Work instructions
Please read the records below and return each line holding the string "alpha".

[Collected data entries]
lemma dc_space_maps:
  assumes "dc_space S"
  shows "hom_add (iota2 S)" "hom_add (delta2 S)" "surj (delta2 S)"
    and "delta2 S h = 0 \<longleftrightarrow> (\<exists>\<gamma>. h = iota2 S \<gamma>)"
  using assms unfolding dc_space_def by auto

lemma LambdaJ_iff_iota2:
  "dc_space S \<Longrightarrow> \<omega> \<in> LambdaJ S \<longleftrightarrow> iota2 S \<omega> = 0"
  unfolding dc_space_def by blast

lemma dc_restr_maps:
  assumes "dc_restr S T \<rho>"
  shows "hom_add (res_f \<rho>)" "hom_add (res_h \<rho>)" "hom_add (res_j \<rho>)"
    and "res_h \<rho> (iota2 S \<omega>) = iota2 T (res_f \<rho> \<omega>)"
    and "res_j \<rho> (delta2 S h) = delta2 T (res_h \<rho> h)"
  using assms unfolding dc_restr_def by auto

lemma restr_commute_apply:
  assumes "restr_commute \<rho>XA \<rho>AD \<rho>XB \<rho>BD"
  shows "res_f \<rho>AD (res_f \<rho>XA \<omega>) = res_f \<rho>BD (res_f \<rho>XB \<omega>)"
    and "res_h \<rho>AD (res_h \<rho>XA h) = res_h \<rho>BD (res_h \<rho>XB h)"
  using assms unfolding restr_commute_def by (metis comp_apply)+

lemma LambdaJ_zero:
  assumes "dc_space S" shows "0 \<in> LambdaJ S"
  unfolding LambdaJ_iff_iota2[OF assms] hom_add_0[OF dc_space_maps(1)[OF assms]] ..

lemma LambdaJ_add:
  assumes "dc_space S" "\<alpha> \<in> LambdaJ S" "\<beta> \<in> LambdaJ S"
  shows "\<alpha> + \<beta> \<in> LambdaJ S"
  using assms(2,3) unfolding LambdaJ_iff_iota2[OF assms(1)] hom_add_add[OF dc_space_maps(1)[OF assms(1)]]
  by simp

lemma LambdaJ_of_iota2_eq:
  assumes "dc_space S" "iota2 S \<alpha> = iota2 S \<beta>"
  shows "\<alpha> - \<beta> \<in> LambdaJ S"
  using assms(2) unfolding LambdaJ_iff_iota2[OF assms(1)] hom_add_diff[OF dc_space_maps(1)[OF assms(1)]]
  by simp

lemma QDsub_zero:
  assumes "dc_space SA" "dc_space SB" "dc_restr SA SD \<rho>AD" "dc_restr SB SD \<rho>BD"
  shows "0 \<in> QDsub SA SB \<rho>AD \<rho>BD"
proof -
  have "res_f \<rho>AD 0 + res_f \<rho>BD 0 = 0"
    unfolding hom_add_0[OF dc_restr_maps(1)[OF assms(3)]] hom_add_0[OF dc_restr_maps(1)[OF assms(4)]]
    by simp
  then show ?thesis
    unfolding QDsub_def using LambdaJ_zero[OF assms(1)] LambdaJ_zero[OF assms(2)] by force
qed

lemma QDsub_add:
  assumes "dc_space SA" "dc_space SB" "dc_restr SA SD \<rho>AD" "dc_restr SB SD \<rho>BD"
    and "s \<in> QDsub SA SB \<rho>AD \<rho>BD" "t \<in> QDsub SA SB \<rho>AD \<rho>BD"
  shows "s + t \<in> QDsub SA SB \<rho>AD \<rho>BD"
proof -
  obtain a b a' b' where
    s: "s = res_f \<rho>AD a + res_f \<rho>BD b" and t: "t = res_f \<rho>AD a' + res_f \<rho>BD b'"
    and J: "a \<in> LambdaJ SA" "b \<in> LambdaJ SB" "a' \<in> LambdaJ SA" "b' \<in> LambdaJ SB"
    using assms(5,6) unfolding QDsub_def by blast
  have "s + t = res_f \<rho>AD (a + a') + res_f \<rho>BD (b + b')"
    unfolding s t hom_add_add[OF dc_restr_maps(1)[OF assms(3)]] hom_add_add[OF dc_restr_maps(1)[OF assms(4)]]
    by (simp add: algebra_simps)
  then show ?thesis
    unfolding QDsub_def using J LambdaJ_add[OF assms(1)] LambdaJ_add[OF assms(2)] by blast
qed

text \<open>Restrictions of Lambda_J-forms are again in Lambda_J, so Q_D is a quotient of Lambda_J(D).\<close>
lemma QDsub_subset_LambdaJ:
  assumes "dc_space SA" "dc_space SB" "dc_space SD"
    and "dc_restr SA SD \<rho>AD" "dc_restr SB SD \<rho>BD"
  shows "QDsub SA SB \<rho>AD \<rho>BD \<subseteq> LambdaJ SD"
proof
  fix x assume "x \<in> QDsub SA SB \<rho>AD \<rho>BD"
  then obtain a b where x: "x = res_f \<rho>AD a + res_f \<rho>BD b"
    and "a \<in> LambdaJ SA" "b \<in> LambdaJ SB"
    unfolding QDsub_def by blast
  then have a: "iota2 SA a = 0" and b: "iota2 SB b = 0"
    using LambdaJ_iff_iota2[OF assms(1)] LambdaJ_iff_iota2[OF assms(2)] by blast+
  have "iota2 SD x = iota2 SD (res_f \<rho>AD a) + iota2 SD (res_f \<rho>BD b)"
    unfolding x using hom_add_add[OF dc_space_maps(1)[OF assms(3)]] .
  also have "\<dots> = res_h \<rho>AD (iota2 SA a) + res_h \<rho>BD (iota2 SB b)"
    unfolding dc_restr_maps(4)[OF assms(4)] dc_restr_maps(4)[OF assms(5)] ..
  also have "\<dots> = 0"
    unfolding a b hom_add_0[OF dc_restr_maps(2)[OF assms(4)]] hom_add_0[OF dc_restr_maps(2)[OF assms(5)]]
    by simp
  finally show "x \<in> LambdaJ SD" unfolding LambdaJ_iff_iota2[OF assms(3)] .
qed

Solution for this problem
  assumes "dc_space S" "\<alpha> \<in> LambdaJ S" "\<beta> \<in> LambdaJ S"
  shows "\<alpha> + \<beta> \<in> LambdaJ S"
  assumes "dc_space S" "iota2 S \<alpha> = iota2 S \<beta>"
  shows "\<alpha> - \<beta> \<in> LambdaJ S"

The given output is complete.